text \<open>A value v occupies the ranks count_gt K s v + 1, ..., count_ge K s v when the entries of s
  are sorted in decreasing order.\<close>

definition count_ge :: "'a set \<Rightarrow> ('a \<Rightarrow> real) \<Rightarrow> real \<Rightarrow> nat" where
  "count_ge K s v = card {k\<in>K. v \<le> s k}"

definition tilted_dev :: "'a set \<Rightarrow> ('a \<Rightarrow> real) \<Rightarrow> real \<Rightarrow> real \<Rightarrow> real" where
  "tilted_dev K s c x = c * x - (\<Sum>k\<in>K. \<bar>x - s k\<bar>)"

lemma sum_one_minus_two_of_bool:
  "finite K \<Longrightarrow>
    (\<Sum>k\<in>K. 1 - 2 * of_bool (P k) :: real) = real (card K) - 2 * real (card {k\<in>K. P k})"
  by (simp add: sum_subtractf sum_distrib_left[symmetric] Int_def conj_commute)

lemma sum_abs_diff_lower:
  assumes "finite K" "x \<le> y"
  shows "(y - x) * (real (card K) - 2 * real (count_gt K s x)) \<le>
    (\<Sum>k\<in>K. \<bar>y - s k\<bar>) - (\<Sum>k\<in>K. \<bar>x - s k\<bar>)"
proof -
  have "(y - x) * (real (card K) - 2 * real (count_gt K s x)) =
      (\<Sum>k\<in>K. (y - x) * (1 - 2 * of_bool (x < s k)))"
    using assms(1) by (simp add: count_gt_def sum_one_minus_two_of_bool flip: sum_distrib_left)
  also have "\<dots> \<le> (\<Sum>k\<in>K. \<bar>y - s k\<bar> - \<bar>x - s k\<bar>)"
    by (rule sum_mono) (use assms(2) in auto)
  finally show ?thesis by (simp add: sum_subtractf)
qed

lemma sum_abs_diff_upper:
  assumes "finite K" "x \<le> y"
  shows "(\<Sum>k\<in>K. \<bar>y - s k\<bar>) - (\<Sum>k\<in>K. \<bar>x - s k\<bar>) \<le>
    (y - x) * (real (card K) - 2 * real (count_ge K s y))"
proof -
  have "(\<Sum>k\<in>K. \<bar>y - s k\<bar> - \<bar>x - s k\<bar>) \<le>
      (\<Sum>k\<in>K. (y - x) * (1 - 2 * of_bool (y \<le> s k)))"
    by (rule sum_mono) (use assms(2) in auto)
  also have "\<dots> = (y - x) * (real (card K) - 2 * real (count_ge K s y))"
    using assms(1) by (simp add: count_ge_def sum_one_minus_two_of_bool flip: sum_distrib_left)
  finally show ?thesis by (simp add: sum_subtractf)
qed

text \<open>The slope factors 1 + 2 count_gt - 2 i and 1 + 2 count_ge - 2 i are odd integers, so the
  hypotheses make them \<le> -1 and \<ge> 1 and the maximum is strict.\<close>

lemma tilted_dev_strict_max:
  assumes "finite K" "count_gt K s v < i" "i \<le> count_ge K s v" "x \<noteq> v"
  shows "tilted_dev K s (real (card K) + 1 - 2 * real i) x <
    tilted_dev K s (real (card K) + 1 - 2 * real i) v"
proof (cases "v < x")
  case True
  have "(x - v) * (1 + 2 * real (count_gt K s v) - 2 * real i) < 0"
    using True assms(2) by (intro mult_pos_neg) auto
  with sum_abs_diff_lower[OF assms(1), of v x s] True show ?thesis
    by (simp add: tilted_dev_def algebra_simps)
next
  case False
  with assms(4) have "x < v" by simp
  have "(v - x) * (1 + 2 * real (count_ge K s v) - 2 * real i) > 0"
    using \<open>x < v\<close> assms(3) by (intro mult_pos_pos) auto
  with sum_abs_diff_upper[OF assms(1), of x v s] \<open>x < v\<close> show ?thesis
    by (simp add: tilted_dev_def algebra_simps)
qed

lemma count_ge_le_count_gt:
  assumes "finite K" "v < w"
  shows "count_ge K s w \<le> count_gt K s v"
  unfolding count_ge_def count_gt_def using assms by (intro card_mono) auto

lemma count_ge_eq_count_gt_plus_level:
  assumes "finite K"
  shows "count_ge K s v = count_gt K s v + card {k\<in>K. s k = v}"
proof -
  have "{k\<in>K. v \<le> s k} = {k\<in>K. v < s k} \<union> {k\<in>K. s k = v}" by auto
  with assms show ?thesis
    unfolding count_ge_def count_gt_def by (simp add: card_Un_disjoint disjoint_iff)
qed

Task directions: Whatever the number of entries above, each one is to be copied exactly.

Response area:
text \<open>A value v occupies the ranks count_gt K s v + 1, ..., count_ge K s v when the entries of s
  are sorted in decreasing order.\<close>

definition count_ge :: "'a set \<Rightarrow> ('a \<Rightarrow> real) \<Rightarrow> real \<Rightarrow> nat" where
  "count_ge K s v = card {k\<in>K. v \<le> s k}"

definition tilted_dev :: "'a set \<Rightarrow> ('a \<Rightarrow> real) \<Rightarrow> real \<Rightarrow> real \<Rightarrow> real" where
  "tilted_dev K s c x = c * x - (\<Sum>k\<in>K. \<bar>x - s k\<bar>)"

lemma sum_one_minus_two_of_bool:
  "finite K \<Longrightarrow>
    (\<Sum>k\<in>K. 1 - 2 * of_bool (P k) :: real) = real (card K) - 2 * real (card {k\<in>K. P k})"
  by (simp add: sum_subtractf sum_distrib_left[symmetric] Int_def conj_commute)

lemma sum_abs_diff_lower:
  assumes "finite K" "x \<le> y"
  shows "(y - x) * (real (card K) - 2 * real (count_gt K s x)) \<le>
    (\<Sum>k\<in>K. \<bar>y - s k\<bar>) - (\<Sum>k\<in>K. \<bar>x - s k\<bar>)"
proof -
  have "(y - x) * (real (card K) - 2 * real (count_gt K s x)) =
      (\<Sum>k\<in>K. (y - x) * (1 - 2 * of_bool (x < s k)))"
    using assms(1) by (simp add: count_gt_def sum_one_minus_two_of_bool flip: sum_distrib_left)
  also have "\<dots> \<le> (\<Sum>k\<in>K. \<bar>y - s k\<bar> - \<bar>x - s k\<bar>)"
    by (rule sum_mono) (use assms(2) in auto)
  finally show ?thesis by (simp add: sum_subtractf)
qed

lemma sum_abs_diff_upper:
  assumes "finite K" "x \<le> y"
  shows "(\<Sum>k\<in>K. \<bar>y - s k\<bar>) - (\<Sum>k\<in>K. \<bar>x - s k\<bar>) \<le>
    (y - x) * (real (card K) - 2 * real (count_ge K s y))"
proof -
  have "(\<Sum>k\<in>K. \<bar>y - s k\<bar> - \<bar>x - s k\<bar>) \<le>
      (\<Sum>k\<in>K. (y - x) * (1 - 2 * of_bool (y \<le> s k)))"
    by (rule sum_mono) (use assms(2) in auto)
  also have "\<dots> = (y - x) * (real (card K) - 2 * real (count_ge K s y))"
    using assms(1) by (simp add: count_ge_def sum_one_minus_two_of_bool flip: sum_distrib_left)
  finally show ?thesis by (simp add: sum_subtractf)
qed

text \<open>The slope factors 1 + 2 count_gt - 2 i and 1 + 2 count_ge - 2 i are odd integers, so the
  hypotheses make them \<le> -1 and \<ge> 1 and the maximum is strict.\<close>

lemma tilted_dev_strict_max:
  assumes "finite K" "count_gt K s v < i" "i \<le> count_ge K s v" "x \<noteq> v"
  shows "tilted_dev K s (real (card K) + 1 - 2 * real i) x <
    tilted_dev K s (real (card K) + 1 - 2 * real i) v"
proof (cases "v < x")
  case True
  have "(x - v) * (1 + 2 * real (count_gt K s v) - 2 * real i) < 0"
    using True assms(2) by (intro mult_pos_neg) auto
  with sum_abs_diff_lower[OF assms(1), of v x s] True show ?thesis
    by (simp add: tilted_dev_def algebra_simps)
next
  case False
  with assms(4) have "x < v" by simp
  have "(v - x) * (1 + 2 * real (count_ge K s v) - 2 * real i) > 0"
    using \<open>x < v\<close> assms(3) by (intro mult_pos_pos) auto
  with sum_abs_diff_upper[OF assms(1), of x v s] \<open>x < v\<close> show ?thesis
    by (simp add: tilted_dev_def algebra_simps)
qed

lemma count_ge_le_count_gt:
  assumes "finite K" "v < w"
  shows "count_ge K s w \<le> count_gt K s v"
  unfolding count_ge_def count_gt_def using assms by (intro card_mono) auto

lemma count_ge_eq_count_gt_plus_level:
  assumes "finite K"
  shows "count_ge K s v = count_gt K s v + card {k\<in>K. s k = v}"
proof -
  have "{k\<in>K. v \<le> s k} = {k\<in>K. v < s k} \<union> {k\<in>K. s k = v}" by auto
  with assms show ?thesis
    unfolding count_ge_def count_gt_def by (simp add: card_Un_disjoint disjoint_iff)
qed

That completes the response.